- [Task goal] Every entry must be echoed exactly.

- [Supplied records]
* * *
definition skew_adjoint :: "'h::real_inner set \<Rightarrow> ('h \<Rightarrow> 'h) \<Rightarrow> bool" where
  "skew_adjoint D A \<longleftrightarrow> subspace D \<and> closure D = UNIV \<and>
     (\<forall>x\<in>D. \<forall>y\<in>D. A (x + y) = A x + A y) \<and>
     (\<forall>c. \<forall>x\<in>D. A (c *\<^sub>R x) = c *\<^sub>R A x) \<and>
     adj_domain D A = D \<and> (\<forall>y\<in>D. adj D A y = - A y)"

definition c0_semigroup :: "(real \<Rightarrow> 'h::real_normed_vector \<Rightarrow> 'h) \<Rightarrow> bool" where
  "c0_semigroup T \<longleftrightarrow> (\<forall>t\<ge>0. bounded_linear (T t)) \<and> T 0 = id \<and>
     (\<forall>s\<ge>0. \<forall>t\<ge>0. T (s + t) = T s \<circ> T t) \<and>
     (\<forall>x. continuous_on {0..} (\<lambda>t. T t x))"

definition generator :: "(real \<Rightarrow> 'h::real_normed_vector \<Rightarrow> 'h) \<Rightarrow> 'h set \<Rightarrow> ('h \<Rightarrow> 'h) \<Rightarrow> bool" where
  "generator T D A \<longleftrightarrow>
     D = {x. \<exists>y. ((\<lambda>h. (1 / h) *\<^sub>R (T h x - x)) \<longlongrightarrow> y) (at_right 0)} \<and>
     (\<forall>x\<in>D. ((\<lambda>h. (1 / h) *\<^sub>R (T h x - x)) \<longlongrightarrow> A x) (at_right 0))"

definition duhamel :: "(real \<Rightarrow> 'h::real_normed_vector \<Rightarrow> 'h) \<Rightarrow> 'h \<Rightarrow> real \<Rightarrow> 'h \<Rightarrow> real \<Rightarrow> 'h" where
  "duhamel T f a x \<tau> = T (\<tau> - a) x + integral {a..\<tau>} (\<lambda>r. T (\<tau> - r) f)"

text \<open>Maximal time: +infinity if the sequence of triggering times is finite
  (encoded by some t k = infinity), limsup otherwise.\<close>
definition Tstar :: "(nat \<Rightarrow> ereal) \<Rightarrow> ereal" where
  "Tstar t = (if \<exists>k. t k = \<infinity> then \<infinity> else limsup t)"

end

theory Submission
  imports Defs
begin

(* Skew-adjointness makes the semigroup isometric: the right derivative of |T t x|^2 is
   2 <A T t x, T t x> = 0 on the domain, which is dense.  Between two triggering instants
   t_k < t_(k+1) the state follows the flow z(t_k + s) = T s z_k + integral_0^s T r (F z_k) dr
   with F = B K C, and at t_(k+1) the triggering condition fails:
   gamma |z_(k+1)| <= |C z_(k+1) - C z_k|.  If T* were finite, the sampling intervals
   h_k = t_(k+1) - t_k would be summable.  Because z0 lies in the domain, the flow leaves z0
   at a Lipschitz rate, and each restart multiplies that rate by at most 1 + |F| h_k; hence
   |z_(k+1) - z_k| <= M h_k with M bounded by exp (|F| * sum h_k).  On the other hand
   |z_(k+1)| >= (1 - |F| h_k) |z_k| keeps |z_k| away from 0.  So gamma m <= |C| M h_k for
   large k, which contradicts h_k --> 0. *)

section \<open>Integrals with values in a complete normed space\<close>

(* The Henstock-Kurzweil library asks for the sort banach, which the sort
   {real_normed_vector, complete_space} of the statement does not entail.  A copy of the type
   is made an instance of banach, and integrals are transferred along Abs_as_banach. *)
typedef 'a as_banach = "UNIV :: 'a set" by simp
* * *
- [Written answer]
definition skew_adjoint :: "'h::real_inner set \<Rightarrow> ('h \<Rightarrow> 'h) \<Rightarrow> bool" where
  "skew_adjoint D A \<longleftrightarrow> subspace D \<and> closure D = UNIV \<and>
     (\<forall>x\<in>D. \<forall>y\<in>D. A (x + y) = A x + A y) \<and>
     (\<forall>c. \<forall>x\<in>D. A (c *\<^sub>R x) = c *\<^sub>R A x) \<and>
     adj_domain D A = D \<and> (\<forall>y\<in>D. adj D A y = - A y)"

definition c0_semigroup :: "(real \<Rightarrow> 'h::real_normed_vector \<Rightarrow> 'h) \<Rightarrow> bool" where
  "c0_semigroup T \<longleftrightarrow> (\<forall>t\<ge>0. bounded_linear (T t)) \<and> T 0 = id \<and>
     (\<forall>s\<ge>0. \<forall>t\<ge>0. T (s + t) = T s \<circ> T t) \<and>
     (\<forall>x. continuous_on {0..} (\<lambda>t. T t x))"

definition generator :: "(real \<Rightarrow> 'h::real_normed_vector \<Rightarrow> 'h) \<Rightarrow> 'h set \<Rightarrow> ('h \<Rightarrow> 'h) \<Rightarrow> bool" where
  "generator T D A \<longleftrightarrow>
     D = {x. \<exists>y. ((\<lambda>h. (1 / h) *\<^sub>R (T h x - x)) \<longlongrightarrow> y) (at_right 0)} \<and>
     (\<forall>x\<in>D. ((\<lambda>h. (1 / h) *\<^sub>R (T h x - x)) \<longlongrightarrow> A x) (at_right 0))"

definition duhamel :: "(real \<Rightarrow> 'h::real_normed_vector \<Rightarrow> 'h) \<Rightarrow> 'h \<Rightarrow> real \<Rightarrow> 'h \<Rightarrow> real \<Rightarrow> 'h" where
  "duhamel T f a x \<tau> = T (\<tau> - a) x + integral {a..\<tau>} (\<lambda>r. T (\<tau> - r) f)"

text \<open>Maximal time: +infinity if the sequence of triggering times is finite
  (encoded by some t k = infinity), limsup otherwise.\<close>
definition Tstar :: "(nat \<Rightarrow> ereal) \<Rightarrow> ereal" where
  "Tstar t = (if \<exists>k. t k = \<infinity> then \<infinity> else limsup t)"

end

theory Submission
  imports Defs
begin

(* Skew-adjointness makes the semigroup isometric: the right derivative of |T t x|^2 is
   2 <A T t x, T t x> = 0 on the domain, which is dense.  Between two triggering instants
   t_k < t_(k+1) the state follows the flow z(t_k + s) = T s z_k + integral_0^s T r (F z_k) dr
   with F = B K C, and at t_(k+1) the triggering condition fails:
   gamma |z_(k+1)| <= |C z_(k+1) - C z_k|.  If T* were finite, the sampling intervals
   h_k = t_(k+1) - t_k would be summable.  Because z0 lies in the domain, the flow leaves z0
   at a Lipschitz rate, and each restart multiplies that rate by at most 1 + |F| h_k; hence
   |z_(k+1) - z_k| <= M h_k with M bounded by exp (|F| * sum h_k).  On the other hand
   |z_(k+1)| >= (1 - |F| h_k) |z_k| keeps |z_k| away from 0.  So gamma m <= |C| M h_k for
   large k, which contradicts h_k --> 0. *)

section \<open>Integrals with values in a complete normed space\<close>

(* The Henstock-Kurzweil library asks for the sort banach, which the sort
   {real_normed_vector, complete_space} of the statement does not entail.  A copy of the type
   is made an instance of banach, and integrals are transferred along Abs_as_banach. *)
typedef 'a as_banach = "UNIV :: 'a set" by simp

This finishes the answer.